We find that using cytological features (CF) performs the best, but any architectural feature set performs similarly in both recall and F–measure. For both architectural and cytological features, we find that these feature sets outperform the majority classification and perform comparably to the average single expert pathologist classification with average computation time \(\tilde{2}6\) min on a single 2.4 GHz processor.
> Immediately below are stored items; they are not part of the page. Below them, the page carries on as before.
(* Let $d\ge3$, let $\lambda$ be real, and let $\sigma$ be a Hermitian operator on $\mathbb{C}^d\otimes\mathbb{C}^d$ whose partial transpose is $\sigma^{PT}=\lambda I-(\lambda+1)|\Phi_0\rangle\langle\Phi_0|$, where $|\Phi_0\rangle=\frac{1}{\sqrt d}\sum_{j=0}^{d-1}|jj\rangle$. Then: (1) if $\lambda\ge 2/(d-2)$, then $\langle v|\sigma^{PT}|v\rangle\ge0$ for every vector $|v\rangle$ of Schmidt rank two (i.e. $\sigma$ is pseudo one-copy undistillable); (2) if $\lambda<2/(d-2)$, then there exists a vector $|v\rangle$ of Schmidt rank two with $\langle v|\sigma^{PT}|v\rangle<0$.
   Context: The partial transpose on the second factor is $\langle ij|X^{PT}|kl\rangle=\langle il|X|kj\rangle$. A (possibly unnormalized) state $\sigma$ is called pseudo one-copy undistillable if $\langle\phi|\sigma^{PT}|\phi\rangle\ge0$ for all vectors $|\phi\rangle$ of Schmidt rank two. *)

theory Defs
  imports Complex_Main "HOL-Library.Complex_Order"
begin

text \<open>Operators on C^d (x) C^d are represented by their matrix entries
  X i j k l = <ij|X|kl>, vectors by their coefficients v i j = <ij|v>;
  only indices below d are relevant.\<close>

type_synonym op4 = "nat \<Rightarrow> nat \<Rightarrow> nat \<Rightarrow> nat \<Rightarrow> complex"
type_synonym vec2 = "nat \<Rightarrow> nat \<Rightarrow> complex"

definition partial_transpose :: "op4 \<Rightarrow> op4" where
  "partial_transpose X = (\<lambda>i j k l. X i l k j)"

definition hermitian_op :: "nat \<Rightarrow> op4 \<Rightarrow> bool" where
  "hermitian_op d X \<longleftrightarrow>
     (\<forall>i<d. \<forall>j<d. \<forall>k<d. \<forall>l<d. X i j k l = cnj (X k l i j))"

text \<open>Entries of |Phi_0><Phi_0| with |Phi_0> = (1/sqrt d) sum_j |jj>.\<close>
definition Phi0_proj :: "nat \<Rightarrow> op4" where
  "Phi0_proj d = (\<lambda>i j k l. if i = j \<and> k = l then 1 / of_nat d else 0)"

definition id_op :: op4 where
  "id_op = (\<lambda>i j k l. if i = k \<and> j = l then 1 else 0)"

definition qform :: "nat \<Rightarrow> op4 \<Rightarrow> vec2 \<Rightarrow> complex" where
  "qform d X v = (\<Sum>i<d. \<Sum>j<d. \<Sum>k<d. \<Sum>l<d. cnj (v i j) * X i j k l * v k l)"

definition schmidt_rank :: "nat \<Rightarrow> vec2 \<Rightarrow> nat" where
  "schmidt_rank d v = (LEAST r. \<exists>a b :: nat \<Rightarrow> nat \<Rightarrow> complex.
      \<forall>i<d. \<forall>j<d. v i j = (\<Sum>s<r. a s i * b s j))"

end

(* Writing V for the coefficient matrix of v, the form is
     <v|sigma^PT|v> = lam ||V||^2 - (lam + 1) |tr V|^2 / d.
   If V has rank at most two, one Gram-Schmidt step writes V = x u^T + y w^T with x orthogonal
   to y; then |tr V| <= |u^T x| + |w^T y|, and Cauchy-Schwarz gives |tr V|^2 <= 2 ||V||^2, so the
   form is at least ||V||^2 (lam (d - 2) - 2) / d.  The vector |00> + |11> attains
   |tr V|^2 = 2 ||V||^2 = 4, so the threshold is sharp. *)

theory Submission
  imports Defs "HOL-Analysis.Convex"
begin

definition sq_norm :: "nat \<Rightarrow> (nat \<Rightarrow> complex) \<Rightarrow> real" where
  "sq_norm d x = (\<Sum>i<d. (cmod (x i))\<^sup>2)"

definition cinner :: "nat \<Rightarrow> (nat \<Rightarrow> complex) \<Rightarrow> (nat \<Rightarrow> complex) \<Rightarrow> complex" where
  "cinner d x y = (\<Sum>i<d. cnj (x i) * y i)"

definition hs_sq_norm :: "nat \<Rightarrow> vec2 \<Rightarrow> real" where
  "hs_sq_norm d v = (\<Sum>i<d. \<Sum>j<d. (cmod (v i j))\<^sup>2)"

definition diag_sum :: "nat \<Rightarrow> vec2 \<Rightarrow> complex" where
  "diag_sum d v = (\<Sum>i<d. v i i)"

lemma of_real_cmod_sq: "(complex_of_real (cmod z))\<^sup>2 = cnj z * z"
  by (metis complex_norm_square mult.commute of_real_power)

lemma of_real_sq_norm: "complex_of_real (sq_norm d x) = cinner d x x"
  by (simp add: sq_norm_def cinner_def of_real_cmod_sq)

lemma sq_norm_eq_zeroD: "sq_norm d x = 0 \<Longrightarrow> i < d \<Longrightarrow> x i = 0"
  unfolding sq_norm_def by (subst (asm) sum_nonneg_eq_0_iff) auto

lemma hs_sq_norm_nonneg: "0 \<le> hs_sq_norm d v"
  by (simp add: hs_sq_norm_def sum_nonneg)

lemma cmod_sum_mult_sq_le: "(cmod (\<Sum>i<d. a i * b i))\<^sup>2 \<le> sq_norm d a * sq_norm d b"
proof -
  have "cmod (\<Sum>i<d. a i * b i) \<le> (\<Sum>i<d. cmod (a i) * cmod (b i))"
    using norm_sum[of "\<lambda>i. a i * b i"] by (simp add: norm_mult)
  then have "(cmod (\<Sum>i<d. a i * b i))\<^sup>2 \<le> (\<Sum>i<d. cmod (a i) * cmod (b i))\<^sup>2"
    by (simp add: power_mono)
  also have "\<dots> \<le> sq_norm d a * sq_norm d b"
    unfolding sq_norm_def by (rule Cauchy_Schwarz_ineq_sum)
  finally show ?thesis .
qed

lemma hs_sq_norm_orthogonal_sum:
  assumes orth: "cinner d x y = 0"
  shows "(\<Sum>i<d. \<Sum>j<d. (cmod (x i * u j + y i * w j))\<^sup>2)
       = sq_norm d x * sq_norm d u + sq_norm d y * sq_norm d w"
proof -
  have orth': "cinner d y x = 0"
    using arg_cong[OF orth, of cnj] by (simp add: cinner_def mult.commute)
  have "complex_of_real (\<Sum>i<d. \<Sum>j<d. (cmod (x i * u j + y i * w j))\<^sup>2)
      = (\<Sum>i<d. \<Sum>j<d. (cnj (x i) * x i) * (cnj (u j) * u j) + (cnj (y i) * y i) * (cnj (w j) * w j)
          + (cnj (x i) * y i) * (cnj (u j) * w j) + (cnj (y i) * x i) * (cnj (w j) * u j))"
    by (simp only: of_real_sum of_real_power of_real_cmod_sq) (simp add: algebra_simps)
  also have "\<dots> = cinner d x x * cinner d u u + cinner d y y * cinner d w w
          + cinner d x y * cinner d u w + cinner d y x * cinner d w u"
    by (simp add: cinner_def sum.distrib sum_product)
  also have "\<dots> = complex_of_real (sq_norm d x * sq_norm d u + sq_norm d y * sq_norm d w)"
    using orth orth' by (simp add: of_real_sq_norm)
  finally show ?thesis
    by (rule of_real_eq_iff[THEN iffD1])
qed

lemma two_term_orthogonalize:
  "\<exists>x' u' y' w'. cinner d x' y' = 0 \<and>
     (\<forall>i j. x i * u j + y i * w j = x' i * u' j + y' i * w' j)"
proof -
  \<comment> \<open>If x vanishes below d, division by zero gives c = 0, and x is orthogonal to everything.\<close>
  define c where "c = cinner d x y / cinner d x x"
  have "cinner d x (\<lambda>i. y i - c * x i) = 0"
  proof (cases "sq_norm d x = 0")
    case True
    then show ?thesis by (simp add: cinner_def sq_norm_eq_zeroD)
  next
    case False
    then have "cinner d x x \<noteq> 0"
      by (simp flip: of_real_sq_norm)
    moreover have "cinner d x (\<lambda>i. y i - c * x i) = cinner d x y - c * cinner d x x"
      by (simp add: cinner_def algebra_simps sum_subtractf sum_distrib_left)
    ultimately show ?thesis
      by (simp add: c_def)
  qed
  then show ?thesis
  proof (intro exI conjI allI)
    show "x i * u j + y i * w j = x i * (u j + c * w j) + (y i - c * x i) * w j" for i j
      by (simp add: algebra_simps)
  qed
qed

lemma diag_sum_sq_le_of_two_terms:
  assumes "\<forall>i<d. \<forall>j<d. v i j = x i * u j + y i * w j"
  shows "(cmod (diag_sum d v))\<^sup>2 \<le> 2 * hs_sq_norm d v"
proof -
  obtain x' u' y' w' where orth: "cinner d x' y' = 0"
    and v: "\<forall>i<d. \<forall>j<d. v i j = x' i * u' j + y' i * w' j"
    using two_term_orthogonalize[of d x u y w] assms by metis
  define A where "A = cmod (\<Sum>i<d. x' i * u' i)"
  define B where "B = cmod (\<Sum>i<d. y' i * w' i)"
  have "cmod (diag_sum d v) \<le> A + B"
    unfolding A_def B_def diag_sum_def using v by (simp add: sum.distrib norm_triangle_ineq)
  then have "(cmod (diag_sum d v))\<^sup>2 \<le> (A + B)\<^sup>2"
    by (simp add: power_mono)
  also have "\<dots> \<le> 2 * (A\<^sup>2 + B\<^sup>2)"
    using sum_squares_ge_zero[of "A - B" 0] by (simp add: power2_eq_square algebra_simps)
  also have "\<dots> \<le> 2 * (sq_norm d x' * sq_norm d u' + sq_norm d y' * sq_norm d w')"
    unfolding A_def B_def using add_mono[OF cmod_sum_mult_sq_le cmod_sum_mult_sq_le, of x' u' d y' w' d]
    by simp
  also have "\<dots> = 2 * hs_sq_norm d v"
    unfolding hs_sq_norm_def using v by (simp add: hs_sq_norm_orthogonal_sum[OF orth])
  finally show ?thesis .
qed

lemma schmidt_decomposition:
  "\<exists>a b :: nat \<Rightarrow> nat \<Rightarrow> complex. \<forall>i<d. \<forall>j<d. v i j = (\<Sum>s<schmidt_rank d v. a s i * b s j)"
proof -
  have "\<exists>(r :: nat) a b. \<forall>i<d. \<forall>j<d. v i j = (\<Sum>s<r. a s i * b s j)"
    by (rule exI[of _ d], rule exI[of _ "\<lambda>s i. if i = s then 1 else 0"], rule exI[of _ v])
      (simp add: if_distrib[of "\<lambda>x. x * _"] cong: if_cong)
  from LeastI_ex[OF this] show ?thesis
    unfolding schmidt_rank_def .
qed

lemma schmidt_rank_le:
  assumes "\<forall>i<d. \<forall>j<d. v i j = (\<Sum>s<r. a s i * b s j)"
  shows "schmidt_rank d v \<le> r"
  unfolding schmidt_rank_def using assms by (blast intro: Least_le)

lemma two_le_schmidt_rank:
  assumes "i < d" "i' < d" "j < d" "j' < d" and "v i j * v i' j' \<noteq> v i j' * v i' j"
  shows "2 \<le> schmidt_rank d v"
proof (rule ccontr)
  assume "\<not> 2 \<le> schmidt_rank d v"
  then consider "schmidt_rank d v = 0" | "schmidt_rank d v = 1"
    by linarith
  moreover obtain a b where ab: "\<forall>i<d. \<forall>j<d. v i j = (\<Sum>s<schmidt_rank d v. a s i * b s j)"
    using schmidt_decomposition by blast
  ultimately show False
    using assms by cases (simp_all add: ab mult_ac)
qed

lemma two_terms_of_schmidt_rank_le_two:
  assumes "schmidt_rank d v \<le> 2"
  obtains x u y w where "\<forall>i<d. \<forall>j<d. v i j = x i * u j + y i * w j"
proof -
  obtain a b where ab: "\<forall>i<d. \<forall>j<d. v i j = (\<Sum>s<schmidt_rank d v. a s i * b s j)"
    using schmidt_decomposition by blast
  let ?a = "\<lambda>s. if s < schmidt_rank d v then a s else (\<lambda>_. 0)"
  have "(\<Sum>s<schmidt_rank d v. a s i * b s j) = ?a 0 i * b 0 j + ?a 1 i * b 1 j" for i j
    using assms by (auto simp: le_Suc_eq numeral_2_eq_2)
  with ab show ?thesis
    by (intro that[of "?a 0" "b 0" "?a 1" "b 1"]) simp
qed

lemma diag_sum_sq_le_of_schmidt_rank_le_two:
  "schmidt_rank d v \<le> 2 \<Longrightarrow> (cmod (diag_sum d v))\<^sup>2 \<le> 2 * hs_sq_norm d v"
  by (metis two_terms_of_schmidt_rank_le_two diag_sum_sq_le_of_two_terms)

lemma qform_cong:
  assumes "\<forall>i<d. \<forall>j<d. \<forall>k<d. \<forall>l<d. X i j k l = Y i j k l"
  shows "qform d X v = qform d Y v"
  unfolding qform_def using assms by (intro sum.cong) auto

lemma qform_id_op: "qform d id_op v = complex_of_real (hs_sq_norm d v)"
proof -
  have "(\<Sum>k<d. \<Sum>l<d. cnj (v i j) * id_op i j k l * v k l) = cnj (v i j) * v i j"
    if "i < d" "j < d" for i j
  proof -
    have "cnj (v i j) * id_op i j k l * v k l
        = (if j = l then if i = k then cnj (v i j) * v i j else 0 else 0)" for k l
      by (simp add: id_op_def)
    then show ?thesis
      using that by (simp add: sum.delta')
  qed
  then show ?thesis
    unfolding qform_def hs_sq_norm_def by (simp add: of_real_cmod_sq)
qed

lemma qform_Phi0_proj: "qform d (Phi0_proj d) v = complex_of_real ((cmod (diag_sum d v))\<^sup>2 / d)"
proof -
  have "(\<Sum>k<d. \<Sum>l<d. cnj (v i j) * Phi0_proj d i j k l * v k l)
      = (if j = i then cnj (v i i) * diag_sum d v / d else 0)" for i j
  proof -
    have "cnj (v i j) * Phi0_proj d i j k l * v k l
        = (if l = k then if j = i then cnj (v i i) * v k k / d else 0 else 0)" for k l
      by (auto simp add: Phi0_proj_def)
    then show ?thesis
      by (simp add: diag_sum_def sum_divide_distrib sum_distrib_left)
  qed
  then have "qform d (Phi0_proj d) v = cnj (diag_sum d v) * diag_sum d v / d"
    unfolding qform_def by (simp add: diag_sum_def sum_divide_distrib sum_distrib_right)
  then show ?thesis
    by (simp add: of_real_cmod_sq)
qed

lemma qform_id_op_minus_Phi0_proj:
  "qform d (\<lambda>i j k l. complex_of_real a * id_op i j k l - complex_of_real b * Phi0_proj d i j k l) v
   = complex_of_real (a * hs_sq_norm d v - b * (cmod (diag_sum d v))\<^sup>2 / d)"
proof -
  have "qform d (\<lambda>i j k l. complex_of_real a * id_op i j k l - complex_of_real b * Phi0_proj d i j k l) v
      = complex_of_real a * qform d id_op v - complex_of_real b * qform d (Phi0_proj d) v"
    unfolding qform_def by (simp add: algebra_simps sum_subtractf sum_distrib_left)
  then show ?thesis
    by (simp add: qform_id_op qform_Phi0_proj)
qed

definition bell_vec :: vec2 where
  "bell_vec = (\<lambda>i j. if i = j \<and> i < 2 then 1 else 0)"

lemma schmidt_rank_bell_vec: "2 \<le> d \<Longrightarrow> schmidt_rank d bell_vec = 2"
proof (rule antisym)
  show "schmidt_rank d bell_vec \<le> 2"
    by (rule schmidt_rank_le[where a = "\<lambda>s i. if i = s then 1 else 0" and b = "\<lambda>s i. if i = s then 1 else 0"])
      (auto simp: bell_vec_def numeral_2_eq_2)
  show "2 \<le> d \<Longrightarrow> 2 \<le> schmidt_rank d bell_vec"
    by (rule two_le_schmidt_rank[of 0 d 1 0 1]) (auto simp: bell_vec_def)
qed

lemma sum_lessThan_two_indicator:
  fixes d :: nat
  assumes "2 \<le> d"
  shows "(\<Sum>i<d. if i < 2 then 1 else 0) = (2 :: 'a :: semiring_1)"
proof -
  have "{i \<in> {..<d}. i < 2} = {..<2}"
    using assms by auto
  then show ?thesis
    by (simp flip: sum.inter_filter)
qed

lemma hs_sq_norm_bell_vec:
  assumes "2 \<le> d"
  shows "hs_sq_norm d bell_vec = 2"
proof -
  have "(cmod (bell_vec i j))\<^sup>2 = (if j = i then if i < 2 then 1 else 0 else 0)" for i j
    by (simp add: bell_vec_def)
  then show ?thesis
    using assms by (simp add: hs_sq_norm_def sum_lessThan_two_indicator cong: if_cong)
qed

lemma diag_sum_bell_vec: "2 \<le> d \<Longrightarrow> diag_sum d bell_vec = 2"
  by (simp add: diag_sum_def bell_vec_def sum_lessThan_two_indicator)

lemma threshold_form_nonneg:
  fixes d lam N T :: real
  assumes "d > 2" and lam: "lam \<ge> 2 / (d - 2)" and "0 \<le> N" and "T \<le> 2 * N"
  shows "0 \<le> lam * N - (lam + 1) * T / d"
proof -
  have "lam \<ge> 0"
    using assms(1) lam by (smt (verit) divide_pos_pos)
  then have "(lam + 1) * T \<le> 2 * (lam + 1) * N"
    using mult_left_mono[OF assms(4), of "lam + 1"] by (simp add: mult_ac)
  also have "\<dots> \<le> lam * d * N"
    using assms(1,3) lam by (intro mult_right_mono) (simp_all add: field_simps)
  finally show ?thesis
    using assms(1) by (simp add: field_simps)
qed

theorem theorem2:
  fixes d :: nat and lam :: real and \<sigma> :: op4
  assumes "d \<ge> 3"
    and "hermitian_op d \<sigma>"
    and "\<forall>i<d. \<forall>j<d. \<forall>k<d. \<forall>l<d. partial_transpose \<sigma> i j k l =
           complex_of_real lam * id_op i j k l - complex_of_real (lam + 1) * Phi0_proj d i j k l"
  shows "(lam \<ge> 2 / (real d - 2) \<longrightarrow>
            (\<forall>v. schmidt_rank d v = 2 \<longrightarrow> qform d (partial_transpose \<sigma>) v \<ge> 0))
       \<and> (lam < 2 / (real d - 2) \<longrightarrow>
            (\<exists>v. schmidt_rank d v = 2 \<and> qform d (partial_transpose \<sigma>) v < 0))"
proof -
  have d: "real d - 2 > 0"
    using assms(1) by simp
  have qform_eq: "qform d (partial_transpose \<sigma>) v
      = complex_of_real (lam * hs_sq_norm d v - (lam + 1) * (cmod (diag_sum d v))\<^sup>2 / d)" for v
    unfolding qform_cong[OF assms(3)] by (rule qform_id_op_minus_Phi0_proj)
  have "qform d (partial_transpose \<sigma>) v \<ge> 0"
    if "lam \<ge> 2 / (real d - 2)" and "schmidt_rank d v = 2" for v
    using threshold_form_nonneg[OF _ that(1) hs_sq_norm_nonneg diag_sum_sq_le_of_schmidt_rank_le_two] that(2)
      assms(1) by (simp add: qform_eq less_eq_complex_def)
  moreover have "qform d (partial_transpose \<sigma>) bell_vec < 0" if "lam < 2 / (real d - 2)"
    using that d assms(1)
    by (simp add: qform_eq hs_sq_norm_bell_vec diag_sum_bell_vec less_complex_def field_simps)
  moreover have "schmidt_rank d bell_vec = 2"
    using assms(1) by (simp add: schmidt_rank_bell_vec)
  ultimately show ?thesis
    by blast
qed

end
4 Conclusion and Discussions

Our goal in this paper was to build an end-to-end computational pipeline for histological diagnoses of high-risk vs. low-risk benign breast lesions. We used both cytological and architectural features in our method AF–CN. Figure 3 shows examples of AF–CN correctly and incorrectly classifying high-risk vs. low-risk ductal ROIs. We observe that the ROIs in these examples were correctly segmented by our pipeline. Figure 3A shows a typical example of ADH, where the roundness and monomorphism of nuclei are correctly captured by AF–CN (true positive). The high density of small ducts in Fig. 3B appears to be described by the architectural phenotyping of AF–CN, which correctly classified it as low-risk (true negative). However, the nuclei segmentation step falsely excludes overlapping nuclei, an indicator of low-risk lesions, which may factor into the incorrect high-risk classification of Fig. 3C (false positive). Finally, AF–CN misclassifies Fig. 3D as low-risk (false negative) possibly due to the AF–CN’s insufficient characterization of the shape properties of lumen regions. In our study, we observe that our combinations of cytological and architectural features did not provide the expected improvement over using only cytological features. The examples in Fig. 3 suggest that we can improve the performance by extracting additional architectural phenotypes. Our results highlight the challenge of diagnosing atypical breast lesions. Effective computational pathology pipelines rely on ground truth information, but this was surprisingly elusive in our study. It is very likely that a combined approach of more specimens (i.e. more ADH or FEA examples), larger numbers of pathologists, and perhaps consensus decisions would improve the reliability of ground truth. Regardless, our approach enables us to begin understanding what the exact “atypical” features are; this may permit future pipelines to better determine truly high-risk lesions and may also permit retraining of pathologists to understand what these features might be.

Fig. 3.
figure 3

Examples of (A) true positive, (B) true negative, (C) false positive, and (D) false negative by method AF–CN.